Work request »
From the entries below, return only the lines starting at the one that contains "(\<lambda>(x,y,z). (- of_nat" and ending at the one that contains "pt3 \<Rightarrow> pt3 \<Rightarrow> pt3", exactly as they stand.
===== Extracted entries
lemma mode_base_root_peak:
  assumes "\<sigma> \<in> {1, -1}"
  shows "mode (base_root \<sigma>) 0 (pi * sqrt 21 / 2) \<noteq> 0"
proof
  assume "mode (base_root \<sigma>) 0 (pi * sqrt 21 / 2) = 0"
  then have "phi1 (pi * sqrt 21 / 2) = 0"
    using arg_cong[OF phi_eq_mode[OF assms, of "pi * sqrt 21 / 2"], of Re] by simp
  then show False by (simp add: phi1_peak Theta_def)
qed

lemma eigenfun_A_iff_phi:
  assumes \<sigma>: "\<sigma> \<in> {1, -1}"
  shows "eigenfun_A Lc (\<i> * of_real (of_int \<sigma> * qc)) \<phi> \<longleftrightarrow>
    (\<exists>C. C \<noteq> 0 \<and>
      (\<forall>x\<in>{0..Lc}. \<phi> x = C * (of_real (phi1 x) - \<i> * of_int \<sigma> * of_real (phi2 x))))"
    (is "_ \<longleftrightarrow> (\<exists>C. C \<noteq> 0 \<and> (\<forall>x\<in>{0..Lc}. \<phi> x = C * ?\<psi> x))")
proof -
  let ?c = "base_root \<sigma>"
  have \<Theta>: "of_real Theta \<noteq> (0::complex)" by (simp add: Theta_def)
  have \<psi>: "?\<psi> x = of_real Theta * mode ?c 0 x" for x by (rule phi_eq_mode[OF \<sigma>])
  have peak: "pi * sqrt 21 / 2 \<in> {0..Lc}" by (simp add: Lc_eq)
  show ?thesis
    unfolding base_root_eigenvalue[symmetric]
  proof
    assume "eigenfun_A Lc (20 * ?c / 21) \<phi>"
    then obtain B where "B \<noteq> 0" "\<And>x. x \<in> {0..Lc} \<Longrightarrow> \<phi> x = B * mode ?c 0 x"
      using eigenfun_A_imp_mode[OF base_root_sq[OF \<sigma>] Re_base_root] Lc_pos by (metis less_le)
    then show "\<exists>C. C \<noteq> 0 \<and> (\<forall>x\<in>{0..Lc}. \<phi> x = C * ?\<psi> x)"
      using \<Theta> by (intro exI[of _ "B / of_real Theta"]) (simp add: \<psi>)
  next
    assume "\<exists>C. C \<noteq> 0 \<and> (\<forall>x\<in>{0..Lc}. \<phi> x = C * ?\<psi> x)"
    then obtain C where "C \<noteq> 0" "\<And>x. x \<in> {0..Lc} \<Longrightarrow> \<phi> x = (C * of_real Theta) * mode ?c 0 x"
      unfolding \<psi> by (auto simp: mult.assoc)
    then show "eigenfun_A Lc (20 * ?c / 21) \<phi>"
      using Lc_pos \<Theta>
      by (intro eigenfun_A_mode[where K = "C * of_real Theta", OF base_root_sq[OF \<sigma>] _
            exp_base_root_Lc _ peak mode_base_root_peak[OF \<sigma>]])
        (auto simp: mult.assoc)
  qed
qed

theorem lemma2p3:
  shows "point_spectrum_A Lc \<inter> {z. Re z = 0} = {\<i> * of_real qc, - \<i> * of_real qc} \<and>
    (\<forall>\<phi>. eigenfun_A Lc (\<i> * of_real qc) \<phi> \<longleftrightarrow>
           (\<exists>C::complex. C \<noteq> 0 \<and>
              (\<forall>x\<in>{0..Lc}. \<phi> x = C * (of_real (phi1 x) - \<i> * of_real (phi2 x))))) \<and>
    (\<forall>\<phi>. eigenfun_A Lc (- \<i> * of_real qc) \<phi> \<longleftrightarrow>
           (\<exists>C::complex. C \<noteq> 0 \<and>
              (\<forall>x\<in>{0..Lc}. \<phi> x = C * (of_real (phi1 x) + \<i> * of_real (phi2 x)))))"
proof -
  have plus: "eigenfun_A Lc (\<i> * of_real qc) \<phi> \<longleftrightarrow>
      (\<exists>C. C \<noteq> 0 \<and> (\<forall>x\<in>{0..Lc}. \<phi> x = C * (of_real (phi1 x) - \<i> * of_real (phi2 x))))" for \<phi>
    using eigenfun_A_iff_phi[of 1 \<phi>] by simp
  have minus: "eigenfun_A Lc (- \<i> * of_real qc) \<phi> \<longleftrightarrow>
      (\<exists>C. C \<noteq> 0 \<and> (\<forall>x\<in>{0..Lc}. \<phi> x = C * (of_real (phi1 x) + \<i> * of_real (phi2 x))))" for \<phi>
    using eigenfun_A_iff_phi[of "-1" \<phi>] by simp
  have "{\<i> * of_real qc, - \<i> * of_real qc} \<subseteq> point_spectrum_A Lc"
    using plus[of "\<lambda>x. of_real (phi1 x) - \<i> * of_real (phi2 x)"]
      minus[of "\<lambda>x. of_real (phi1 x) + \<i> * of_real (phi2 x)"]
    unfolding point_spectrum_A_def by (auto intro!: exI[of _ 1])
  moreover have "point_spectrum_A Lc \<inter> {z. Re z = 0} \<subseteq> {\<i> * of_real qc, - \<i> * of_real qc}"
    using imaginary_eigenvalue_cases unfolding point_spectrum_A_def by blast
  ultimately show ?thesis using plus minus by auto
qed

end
==========
===== Extracted entries
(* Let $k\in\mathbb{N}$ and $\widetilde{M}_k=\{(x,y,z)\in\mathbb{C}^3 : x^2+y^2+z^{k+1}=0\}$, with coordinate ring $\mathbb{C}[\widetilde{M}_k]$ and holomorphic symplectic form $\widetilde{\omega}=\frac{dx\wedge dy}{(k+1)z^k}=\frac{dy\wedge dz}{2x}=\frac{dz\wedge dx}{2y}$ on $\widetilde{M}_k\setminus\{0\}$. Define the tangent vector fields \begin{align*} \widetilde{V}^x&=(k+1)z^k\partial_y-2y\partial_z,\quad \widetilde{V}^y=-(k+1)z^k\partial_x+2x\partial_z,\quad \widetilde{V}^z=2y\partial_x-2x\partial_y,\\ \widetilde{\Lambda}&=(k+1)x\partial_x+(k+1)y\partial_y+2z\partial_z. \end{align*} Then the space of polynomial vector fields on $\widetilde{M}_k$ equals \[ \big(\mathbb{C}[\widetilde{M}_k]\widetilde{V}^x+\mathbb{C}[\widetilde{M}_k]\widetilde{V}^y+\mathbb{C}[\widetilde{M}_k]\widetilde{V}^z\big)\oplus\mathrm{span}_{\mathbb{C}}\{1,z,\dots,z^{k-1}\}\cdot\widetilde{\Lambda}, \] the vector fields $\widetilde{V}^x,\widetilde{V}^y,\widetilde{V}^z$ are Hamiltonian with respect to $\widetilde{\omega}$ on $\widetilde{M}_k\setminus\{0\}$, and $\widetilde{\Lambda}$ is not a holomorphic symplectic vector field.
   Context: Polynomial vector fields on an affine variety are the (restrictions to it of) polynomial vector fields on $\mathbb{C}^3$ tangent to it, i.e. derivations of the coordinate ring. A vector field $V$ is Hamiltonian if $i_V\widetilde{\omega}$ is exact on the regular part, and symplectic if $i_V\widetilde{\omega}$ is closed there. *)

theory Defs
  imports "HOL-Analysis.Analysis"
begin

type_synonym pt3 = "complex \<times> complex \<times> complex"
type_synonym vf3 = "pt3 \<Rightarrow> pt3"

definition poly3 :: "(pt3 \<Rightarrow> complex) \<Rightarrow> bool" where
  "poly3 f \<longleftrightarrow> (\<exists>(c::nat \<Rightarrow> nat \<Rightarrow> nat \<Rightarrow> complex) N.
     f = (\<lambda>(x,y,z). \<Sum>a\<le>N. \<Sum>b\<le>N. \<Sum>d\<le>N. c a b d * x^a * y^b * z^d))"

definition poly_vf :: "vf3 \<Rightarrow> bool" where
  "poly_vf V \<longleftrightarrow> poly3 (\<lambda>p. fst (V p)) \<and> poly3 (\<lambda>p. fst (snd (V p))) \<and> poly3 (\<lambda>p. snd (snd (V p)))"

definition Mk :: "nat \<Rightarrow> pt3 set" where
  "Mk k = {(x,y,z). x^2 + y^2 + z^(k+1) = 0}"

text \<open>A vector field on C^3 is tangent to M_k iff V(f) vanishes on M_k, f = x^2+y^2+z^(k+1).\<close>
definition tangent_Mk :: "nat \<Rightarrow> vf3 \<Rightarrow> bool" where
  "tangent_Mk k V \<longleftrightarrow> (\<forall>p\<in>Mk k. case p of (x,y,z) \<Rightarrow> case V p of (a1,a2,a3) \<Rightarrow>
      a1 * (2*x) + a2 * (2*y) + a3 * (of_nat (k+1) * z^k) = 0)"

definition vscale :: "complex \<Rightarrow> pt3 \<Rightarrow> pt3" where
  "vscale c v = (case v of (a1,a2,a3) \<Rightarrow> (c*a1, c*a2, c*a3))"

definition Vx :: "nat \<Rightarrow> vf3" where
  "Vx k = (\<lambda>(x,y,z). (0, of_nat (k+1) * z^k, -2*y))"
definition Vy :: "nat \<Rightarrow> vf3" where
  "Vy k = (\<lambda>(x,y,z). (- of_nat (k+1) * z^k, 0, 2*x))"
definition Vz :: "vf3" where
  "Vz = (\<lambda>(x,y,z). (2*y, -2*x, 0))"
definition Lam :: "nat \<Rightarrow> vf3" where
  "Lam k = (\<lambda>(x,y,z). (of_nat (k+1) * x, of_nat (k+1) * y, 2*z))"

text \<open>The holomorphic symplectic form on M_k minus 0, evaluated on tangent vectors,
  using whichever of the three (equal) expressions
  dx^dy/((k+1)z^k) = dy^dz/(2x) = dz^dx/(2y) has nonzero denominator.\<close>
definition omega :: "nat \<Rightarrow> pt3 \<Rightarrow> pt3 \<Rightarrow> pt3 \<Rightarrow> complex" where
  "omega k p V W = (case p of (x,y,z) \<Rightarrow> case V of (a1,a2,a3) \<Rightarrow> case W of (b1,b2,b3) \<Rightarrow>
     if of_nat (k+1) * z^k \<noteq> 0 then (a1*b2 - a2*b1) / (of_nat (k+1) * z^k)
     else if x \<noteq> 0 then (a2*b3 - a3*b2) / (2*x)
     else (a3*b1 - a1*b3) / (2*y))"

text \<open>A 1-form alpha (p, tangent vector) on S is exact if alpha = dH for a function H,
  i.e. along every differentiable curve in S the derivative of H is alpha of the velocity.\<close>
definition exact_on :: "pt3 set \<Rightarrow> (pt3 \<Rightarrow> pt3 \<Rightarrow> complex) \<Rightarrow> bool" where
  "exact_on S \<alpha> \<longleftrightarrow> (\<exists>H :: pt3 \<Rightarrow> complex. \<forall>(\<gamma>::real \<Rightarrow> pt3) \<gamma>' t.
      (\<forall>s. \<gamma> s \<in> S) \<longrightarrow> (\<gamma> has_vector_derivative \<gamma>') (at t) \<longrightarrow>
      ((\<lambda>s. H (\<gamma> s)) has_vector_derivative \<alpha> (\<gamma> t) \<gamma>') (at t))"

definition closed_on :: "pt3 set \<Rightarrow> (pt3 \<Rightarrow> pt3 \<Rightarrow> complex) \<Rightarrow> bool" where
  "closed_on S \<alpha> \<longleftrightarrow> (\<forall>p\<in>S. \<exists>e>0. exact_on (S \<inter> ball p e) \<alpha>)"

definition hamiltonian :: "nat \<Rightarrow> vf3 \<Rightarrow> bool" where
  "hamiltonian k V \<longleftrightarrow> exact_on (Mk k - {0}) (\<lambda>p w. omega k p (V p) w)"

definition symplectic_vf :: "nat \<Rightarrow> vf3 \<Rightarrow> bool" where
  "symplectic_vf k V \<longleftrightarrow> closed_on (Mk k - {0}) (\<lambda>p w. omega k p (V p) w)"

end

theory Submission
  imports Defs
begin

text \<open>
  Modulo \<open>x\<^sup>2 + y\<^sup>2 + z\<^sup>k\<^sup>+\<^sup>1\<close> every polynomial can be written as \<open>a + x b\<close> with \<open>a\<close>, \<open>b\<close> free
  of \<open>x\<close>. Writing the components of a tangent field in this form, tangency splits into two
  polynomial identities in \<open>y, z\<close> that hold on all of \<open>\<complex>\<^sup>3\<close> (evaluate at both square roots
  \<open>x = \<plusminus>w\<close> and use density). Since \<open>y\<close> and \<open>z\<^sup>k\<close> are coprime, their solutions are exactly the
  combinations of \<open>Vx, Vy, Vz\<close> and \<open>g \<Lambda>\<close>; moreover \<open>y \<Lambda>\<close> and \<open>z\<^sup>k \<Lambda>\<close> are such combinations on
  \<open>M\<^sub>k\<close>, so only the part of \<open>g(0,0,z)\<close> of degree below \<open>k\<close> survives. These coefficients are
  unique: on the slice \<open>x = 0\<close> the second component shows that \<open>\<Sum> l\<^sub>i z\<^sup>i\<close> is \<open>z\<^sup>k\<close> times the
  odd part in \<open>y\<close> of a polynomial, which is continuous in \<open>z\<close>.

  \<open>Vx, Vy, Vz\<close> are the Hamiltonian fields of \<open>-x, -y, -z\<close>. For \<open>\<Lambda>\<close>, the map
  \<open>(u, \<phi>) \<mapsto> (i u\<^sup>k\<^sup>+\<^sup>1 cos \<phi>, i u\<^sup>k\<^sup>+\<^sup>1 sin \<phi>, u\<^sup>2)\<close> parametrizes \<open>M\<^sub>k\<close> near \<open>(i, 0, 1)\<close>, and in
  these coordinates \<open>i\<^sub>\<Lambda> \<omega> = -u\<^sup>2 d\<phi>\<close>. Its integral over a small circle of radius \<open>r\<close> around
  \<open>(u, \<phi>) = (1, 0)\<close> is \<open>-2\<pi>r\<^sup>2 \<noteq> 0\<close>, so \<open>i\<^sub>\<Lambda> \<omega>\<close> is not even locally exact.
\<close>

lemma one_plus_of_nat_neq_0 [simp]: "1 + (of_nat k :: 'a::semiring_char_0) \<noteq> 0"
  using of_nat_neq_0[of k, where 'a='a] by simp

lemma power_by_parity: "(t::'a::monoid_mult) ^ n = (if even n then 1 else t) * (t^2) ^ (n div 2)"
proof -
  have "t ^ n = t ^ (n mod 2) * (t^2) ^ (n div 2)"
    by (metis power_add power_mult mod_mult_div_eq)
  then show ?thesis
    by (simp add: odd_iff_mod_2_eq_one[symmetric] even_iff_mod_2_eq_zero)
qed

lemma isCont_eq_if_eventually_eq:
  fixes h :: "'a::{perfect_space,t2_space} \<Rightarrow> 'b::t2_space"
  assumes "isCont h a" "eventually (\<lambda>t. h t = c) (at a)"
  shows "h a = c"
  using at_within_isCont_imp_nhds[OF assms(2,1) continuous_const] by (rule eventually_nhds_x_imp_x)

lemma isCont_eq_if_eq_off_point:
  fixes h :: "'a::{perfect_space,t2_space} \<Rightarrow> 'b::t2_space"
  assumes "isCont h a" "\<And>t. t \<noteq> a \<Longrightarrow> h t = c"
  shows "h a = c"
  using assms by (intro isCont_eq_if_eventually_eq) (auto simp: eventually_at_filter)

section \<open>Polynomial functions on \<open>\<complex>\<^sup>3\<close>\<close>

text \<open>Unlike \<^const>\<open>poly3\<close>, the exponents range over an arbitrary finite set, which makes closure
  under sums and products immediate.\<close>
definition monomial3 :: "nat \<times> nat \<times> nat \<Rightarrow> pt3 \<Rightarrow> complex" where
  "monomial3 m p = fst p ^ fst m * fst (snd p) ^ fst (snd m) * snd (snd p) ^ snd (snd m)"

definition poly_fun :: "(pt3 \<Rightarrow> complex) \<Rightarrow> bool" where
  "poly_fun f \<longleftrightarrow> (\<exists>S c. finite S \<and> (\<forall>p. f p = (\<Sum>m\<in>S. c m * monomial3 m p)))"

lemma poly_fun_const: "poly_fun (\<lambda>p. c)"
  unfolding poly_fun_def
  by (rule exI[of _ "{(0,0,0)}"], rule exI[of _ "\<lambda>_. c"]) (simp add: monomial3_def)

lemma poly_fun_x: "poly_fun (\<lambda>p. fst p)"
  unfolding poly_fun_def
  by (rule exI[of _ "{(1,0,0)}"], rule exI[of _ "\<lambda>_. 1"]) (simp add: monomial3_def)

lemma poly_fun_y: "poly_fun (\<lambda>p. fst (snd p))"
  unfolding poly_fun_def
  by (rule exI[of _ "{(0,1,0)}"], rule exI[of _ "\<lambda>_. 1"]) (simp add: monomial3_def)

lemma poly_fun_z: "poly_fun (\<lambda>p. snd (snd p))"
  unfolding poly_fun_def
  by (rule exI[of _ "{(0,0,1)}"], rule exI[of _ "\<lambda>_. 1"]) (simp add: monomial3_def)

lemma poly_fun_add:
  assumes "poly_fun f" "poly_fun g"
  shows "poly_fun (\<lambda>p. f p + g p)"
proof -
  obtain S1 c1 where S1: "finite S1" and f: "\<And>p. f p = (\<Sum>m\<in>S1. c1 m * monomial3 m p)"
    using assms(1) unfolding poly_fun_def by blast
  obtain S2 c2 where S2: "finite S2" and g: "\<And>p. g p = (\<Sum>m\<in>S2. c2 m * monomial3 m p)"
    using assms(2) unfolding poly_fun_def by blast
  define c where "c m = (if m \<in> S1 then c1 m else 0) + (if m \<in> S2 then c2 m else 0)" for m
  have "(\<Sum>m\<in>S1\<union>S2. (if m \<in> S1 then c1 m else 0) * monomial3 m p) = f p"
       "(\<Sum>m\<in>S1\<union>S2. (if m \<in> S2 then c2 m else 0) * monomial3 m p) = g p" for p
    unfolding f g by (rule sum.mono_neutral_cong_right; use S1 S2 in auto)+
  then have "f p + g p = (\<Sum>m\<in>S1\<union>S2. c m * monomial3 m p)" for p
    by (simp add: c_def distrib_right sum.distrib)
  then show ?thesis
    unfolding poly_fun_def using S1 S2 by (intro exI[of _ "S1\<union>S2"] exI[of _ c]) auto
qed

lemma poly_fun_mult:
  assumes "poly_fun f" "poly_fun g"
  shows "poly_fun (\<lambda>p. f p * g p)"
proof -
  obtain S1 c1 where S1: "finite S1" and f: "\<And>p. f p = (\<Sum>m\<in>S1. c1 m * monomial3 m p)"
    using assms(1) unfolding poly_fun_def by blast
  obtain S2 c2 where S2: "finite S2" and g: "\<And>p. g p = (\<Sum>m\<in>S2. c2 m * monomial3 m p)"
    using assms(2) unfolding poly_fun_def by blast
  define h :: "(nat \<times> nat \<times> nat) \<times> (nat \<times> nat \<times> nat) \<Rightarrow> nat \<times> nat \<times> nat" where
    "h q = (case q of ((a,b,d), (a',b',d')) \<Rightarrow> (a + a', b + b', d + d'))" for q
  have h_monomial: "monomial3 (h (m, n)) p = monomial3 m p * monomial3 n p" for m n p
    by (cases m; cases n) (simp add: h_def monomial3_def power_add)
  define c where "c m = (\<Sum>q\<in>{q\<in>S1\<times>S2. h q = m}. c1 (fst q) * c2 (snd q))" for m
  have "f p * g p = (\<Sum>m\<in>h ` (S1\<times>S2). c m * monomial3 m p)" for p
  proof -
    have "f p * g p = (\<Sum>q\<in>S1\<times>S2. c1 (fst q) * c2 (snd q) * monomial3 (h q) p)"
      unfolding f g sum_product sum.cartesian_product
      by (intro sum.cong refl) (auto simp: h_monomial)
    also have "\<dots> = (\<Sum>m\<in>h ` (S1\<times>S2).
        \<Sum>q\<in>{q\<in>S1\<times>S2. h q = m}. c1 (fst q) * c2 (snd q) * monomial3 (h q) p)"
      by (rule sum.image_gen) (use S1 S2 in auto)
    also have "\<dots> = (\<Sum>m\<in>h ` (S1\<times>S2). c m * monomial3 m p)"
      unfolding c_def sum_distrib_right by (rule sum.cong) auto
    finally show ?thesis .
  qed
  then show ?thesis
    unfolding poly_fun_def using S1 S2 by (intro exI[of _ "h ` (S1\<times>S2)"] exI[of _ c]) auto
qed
==========
The answer »
  "Vy k = (\<lambda>(x,y,z). (- of_nat (k+1) * z^k, 0, 2*x))"
definition Vz :: "vf3" where
  "Vz = (\<lambda>(x,y,z). (2*y, -2*x, 0))"
definition Lam :: "nat \<Rightarrow> vf3" where
  "Lam k = (\<lambda>(x,y,z). (of_nat (k+1) * x, of_nat (k+1) * y, 2*z))"

text \<open>The holomorphic symplectic form on M_k minus 0, evaluated on tangent vectors,
  using whichever of the three (equal) expressions
  dx^dy/((k+1)z^k) = dy^dz/(2x) = dz^dx/(2y) has nonzero denominator.\<close>
definition omega :: "nat \<Rightarrow> pt3 \<Rightarrow> pt3 \<Rightarrow> pt3 \<Rightarrow> complex" where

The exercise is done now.